— Your goal —
From the data below, repeat exactly the lines from the line with "define good where" to the line with "using pigeonhole_class[of I", both included.

— Given data —

lemma nearest_rotation:
  assumes k: "k \<ge> 1" and \<phi>: "0 \<le> \<phi>" "\<phi> < 2 * pi"
  defines "\<delta> \<equiv> 2 * pi / real k"
  shows "\<exists>j<k. \<exists>\<psi>. \<bar>\<psi>\<bar> \<le> \<delta> / 2 \<and> cos (\<phi> - real j * \<delta>) = cos \<psi> \<and> sin (\<phi> - real j * \<delta>) = sin \<psi>"
proof -
  have \<delta>: "\<delta> > 0" "real k * \<delta> = 2 * pi" using k by (simp_all add: \<delta>_def)
  define j where "j = \<lfloor>\<phi> / \<delta> + 1 / 2\<rfloor>"
  define \<psi> where "\<psi> = \<phi> - of_int j * \<delta>"
  have "\<bar>\<phi> / \<delta> - of_int j\<bar> \<le> 1 / 2" unfolding j_def by linarith
  moreover have "\<psi> = \<delta> * (\<phi> / \<delta> - of_int j)" using \<delta> by (simp add: \<psi>_def field_simps)
  ultimately have \<psi>: "\<bar>\<psi>\<bar> \<le> \<delta> / 2" using \<delta> by (simp add: abs_mult)
  have "\<phi> / \<delta> < real k" using \<phi> \<delta> by (simp add: divide_less_eq mult.commute)
  moreover have "0 \<le> j" using \<phi> \<delta> by (simp add: j_def)
  ultimately consider "nat j < k" "real (nat j) = of_int j" | "j = int k"
    unfolding j_def by linarith
  then show ?thesis
  proof cases
    case 1
    then have "cos (\<phi> - real (nat j) * \<delta>) = cos \<psi>" "sin (\<phi> - real (nat j) * \<delta>) = sin \<psi>"
      by (simp_all add: \<psi>_def)
    then show ?thesis using 1 \<psi> by blast
  next
    case 2
    then have "\<phi> - real 0 * \<delta> = \<psi> + 2 * pi" using \<delta> by (simp add: \<psi>_def)
    then show ?thesis using \<psi> k by (intro exI[of _ 0]) auto
  qed
qed

lemma angle_cover:
  assumes \<theta>: "0 < \<theta>" "\<theta> < pi / 2" and k: "k \<ge> 1" "pi / \<theta> < real k" and off: "\<not> on_axis s"
  shows "\<exists>j<k. hrot (- (real j * (2 * pi / real k))) s \<in> cone \<theta>"
proof -
  obtain x y z where s: "s = (x, y, z)" by (cases s)
  then obtain \<rho> \<phi> where pol: "\<rho> > 0" "0 \<le> \<phi>" "\<phi> < 2 * pi" "x = \<rho> * cos \<phi>" "y = \<rho> * sin \<phi>"
    using off polar_coordinates[of x y] unfolding on_axis_def by auto
  have "pi < \<theta> * real k" using k \<theta> by (simp add: divide_less_eq mult.commute)
  then have half_step: "2 * pi / real k / 2 < \<theta>" using k by (simp add: divide_less_eq mult.commute)
  obtain j \<psi> where "j < k" "\<bar>\<psi>\<bar> \<le> 2 * pi / real k / 2"
    and "cos (\<phi> - real j * (2 * pi / real k)) = cos \<psi>" "sin (\<phi> - real j * (2 * pi / real k)) = sin \<psi>"
    using nearest_rotation[OF k(1) pol(2,3)] by blast
  moreover have "(\<rho> * cos \<psi>, \<rho> * sin \<psi>, z) \<in> cone \<theta>"
    using polar_point_in_cone[OF pol(1) _ \<theta>(2)] \<open>\<bar>\<psi>\<bar> \<le> _\<close> half_step by simp
  ultimately show ?thesis unfolding s pol(4,5) hrot_polar by auto
qed

text \<open>The \<open>2k\<close> normalizing isometries: a rotation by a multiple of \<open>2\<pi>/k\<close>, followed by the
  flip when the point lies above the horizontal plane.\<close>
definition sector_normalizer :: "nat \<Rightarrow> nat \<times> bool \<Rightarrow> heis \<Rightarrow> heis" where
  "sector_normalizer k i = (if snd i then hflip else id) \<circ> hrot (- (real (fst i) * (2 * pi / real k)))"

lemma isometric_aut_sector_normalizer: "isometric_aut (sector_normalizer k i)"
  unfolding sector_normalizer_def
  by (intro isometric_aut_comp isometric_aut_hrot) (simp add: isometric_aut_hflip isometric_aut_id)

text \<open>Each off-axis point is sent into \<open>C(\<theta>) \<inter> {z \<le> 0}\<close> by one of the \<open>2k\<close> normalizers;
  rotations keep the height and the flip keeps the cone while negating the height.\<close>
lemma sector_normalizer_exists:
  assumes "0 < \<theta>" "\<theta> < pi / 2" "k \<ge> 1" "pi / \<theta> < real k" "\<not> on_axis s"
  shows "\<exists>i\<in>{..<k} \<times> UNIV. snd (snd (sector_normalizer k i s)) \<le> 0 \<and> sector_normalizer k i s \<in> cone \<theta>"
proof -
  obtain j where j: "j < k" and cone: "hrot (- (real j * (2 * pi / real k))) s \<in> cone \<theta>"
    using angle_cover[OF assms] by blast
  have height: "snd (snd (hrot t p)) = snd (snd p)" "snd (snd (hflip p)) = - snd (snd p)" for t p
    by (cases p; simp add: hrot_def hflip_def)+
  show ?thesis
    using j cone by (intro bexI[of _ "(j, 0 < snd (snd s))"])
      (auto simp: sector_normalizer_def height hflip_cone)
qed

lemma pigeonhole_class:
  assumes "finite I" "I \<noteq> {}" "cls ` S \<subseteq> I"
  shows "\<exists>i\<in>I. card S \<le> card I * card {s\<in>S. cls s = i}"
proof -
  let ?n = "\<lambda>i. card {s\<in>S. cls s = i}"
  have "Max (?n ` I) \<in> ?n ` I" using assms(1,2) by (intro Max_in) auto
  then obtain i where i: "i \<in> I" "?n i = Max (?n ` I)" by auto
  have "S = (\<Union>i\<in>I. {s\<in>S. cls s = i})" using assms(3) by auto
  then have "card S \<le> (\<Sum>i\<in>I. ?n i)" by (metis card_UN_le[OF assms(1)])
  also have "\<dots> \<le> card I * ?n i" using sum_bounded_above[of I ?n "?n i"] i assms(1) by simp
  finally show ?thesis using i(1) by blast
qed

lemma off_axis_reduction:
  assumes dist: "is_distance (d_alpha a)" and \<theta>: "0 < \<theta>" "\<theta> < pi / 2"
    and S: "finite S" "besicovitch_points a S" and off: "\<forall>s\<in>S. \<not> on_axis s"
  shows "\<exists>P. finite P \<and> besicovitch_points a P \<and> (\<forall>p\<in>P. snd (snd p) \<le> 0 \<and> p \<in> cone \<theta>)
      \<and> real (card S) \<le> 2 * (pi / \<theta> + 1) * real (card P)"
proof -
  define k where "k = nat \<lfloor>pi / \<theta>\<rfloor> + 1"
  have "pi / \<theta> > 0" using \<theta> by simp
  then have k: "k \<ge> 1" "pi / \<theta> < real k" "real k \<le> pi / \<theta> + 1" unfolding k_def by linarith+
  define I where "I = {..<k} \<times> (UNIV :: bool set)"
  define good where "good p \<longleftrightarrow> snd (snd p) \<le> 0 \<and> p \<in> cone \<theta>" for p
  define cls where "cls s = (SOME i. i \<in> I \<and> good (sector_normalizer k i s))" for s
  have cls: "cls s \<in> I \<and> good (sector_normalizer k (cls s) s)" if "s \<in> S" for s
  proof -
    have "\<exists>i. i \<in> I \<and> good (sector_normalizer k i s)"
      using sector_normalizer_exists[OF \<theta> k(1,2)] off that unfolding I_def good_def by blast
    then show ?thesis unfolding cls_def by (rule someI_ex)
  qed
  have "finite I" "card I = 2 * k" by (simp_all add: I_def card_cartesian_product)
  moreover have "(0, True) \<in> I" using k(1) by (simp add: I_def)
  then have "I \<noteq> {}" by blast
  moreover have "cls ` S \<subseteq> I" using cls by blast
  ultimately obtain i where "i \<in> I" and large: "card S \<le> 2 * k * card {s\<in>S. cls s = i}"
    using pigeonhole_class[of I cls S] by auto
  define C where "C = {s\<in>S. cls s = i}"
  define P where "P = sector_normalizer k i ` C"
  have "inj (sector_normalizer k i)"
    by (rule isometric_aut_inj[OF isometric_aut_sector_normalizer dist])
  then have "card P = card C" unfolding P_def by (simp add: card_image inj_on_subset)
  then have "real (card S) \<le> 2 * real k * real (card P)"
    using large unfolding C_def by (metis of_nat_le_iff of_nat_mult of_nat_numeral)
  also have "\<dots> \<le> 2 * (pi / \<theta> + 1) * real (card P)" using k(3) by (simp add: mult_right_mono)
  finally have bound: "real (card S) \<le> 2 * (pi / \<theta> + 1) * real (card P)" .
  have "besicovitch_points a P" unfolding P_def
    by (intro besicovitch_points_image isometric_aut_sector_normalizer
        besicovitch_points_subset[OF S(2)]) (simp add: C_def)
  moreover have "\<forall>p\<in>P. snd (snd p) \<le> 0 \<and> p \<in> cone \<theta>"
    using cls unfolding P_def C_def good_def by blast
  moreover have "finite P" using S(1) by (simp add: P_def C_def)
  ultimately show ?thesis using bound by blast
qed

theorem lemma3p1:
  fixes \<alpha> \<theta> :: real and \<B> :: "(heis \<times> real) set"
  assumes "\<alpha> > 0" and "is_distance (d_alpha \<alpha>)"
    and "0 < \<theta>" and "\<theta> < pi / 2"
    and "besicovitch \<alpha> \<B>"
  shows "\<exists>P :: heis set. finite P
    \<and> besicovitch \<alpha> ((\<lambda>p. (p, rad \<alpha> p)) ` P)
    \<and> (\<forall>p \<in> P. snd (snd p) \<le> 0 \<and> p \<in> cone \<theta>)
    \<and> real (card \<B>) \<le> 2 * (pi / \<theta> + 1) * real (card ((\<lambda>p. (p, rad \<alpha> p)) ` P)) + 2"
proof -
  obtain S where S: "finite S" "card S = card \<B>" "besicovitch_points \<alpha> S"
    using besicovitch_centred[OF assms(2,5)] by blast
  let ?axis = "{s\<in>S. on_axis s}" and ?off = "{s\<in>S. \<not> on_axis s}"
  have "finite ?off" "besicovitch_points \<alpha> ?off" "\<forall>s\<in>?off. \<not> on_axis s"
    using S(1) besicovitch_points_subset[OF S(3)] by auto
  then obtain P where P: "finite P" "besicovitch_points \<alpha> P" "\<forall>p\<in>P. snd (snd p) \<le> 0 \<and> p \<in> cone \<theta>"
    and off_bound: "real (card ?off) \<le> 2 * (pi / \<theta> + 1) * real (card P)"
    using off_axis_reduction[OF assms(2-4)] by blast
  have "(0, 0, 0) \<notin> P" using P(3) origin_not_in_cone by blast
  then have "besicovitch \<alpha> ((\<lambda>p. (p, rad \<alpha> p)) ` P)"
    by (rule besicovitch_of_points[OF assms(2) P(1,2)])
  moreover have "card ((\<lambda>p. (p, rad \<alpha> p)) ` P) = card P" by (simp add: card_image inj_on_def)
  moreover have "card \<B> = card ?axis + card ?off"
  proof -
    have "card (?axis \<union> ?off) = card ?axis + card ?off" by (rule card_Un_disjoint) (use S(1) in auto)
    moreover have "?axis \<union> ?off = S" by blast
    ultimately show ?thesis using S(2) by simp
  qed
  moreover have "card ?axis \<le> 2" by (rule axis_card[OF assms(1) S(3,1)])
  ultimately show ?thesis using P(1,3) off_bound by (intro exI[of _ P]) simp
qed

end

— Expected answer —
  define good where "good p \<longleftrightarrow> snd (snd p) \<le> 0 \<and> p \<in> cone \<theta>" for p
  define cls where "cls s = (SOME i. i \<in> I \<and> good (sector_normalizer k i s))" for s
  have cls: "cls s \<in> I \<and> good (sector_normalizer k (cls s) s)" if "s \<in> S" for s
  proof -
    have "\<exists>i. i \<in> I \<and> good (sector_normalizer k i s)"
      using sector_normalizer_exists[OF \<theta> k(1,2)] off that unfolding I_def good_def by blast
    then show ?thesis unfolding cls_def by (rule someI_ex)
  qed
  have "finite I" "card I = 2 * k" by (simp_all add: I_def card_cartesian_product)
  moreover have "(0, True) \<in> I" using k(1) by (simp add: I_def)
  then have "I \<noteq> {}" by blast
  moreover have "cls ` S \<subseteq> I" using cls by blast
  ultimately obtain i where "i \<in> I" and large: "card S \<le> 2 * k * card {s\<in>S. cls s = i}"
    using pigeonhole_class[of I cls S] by auto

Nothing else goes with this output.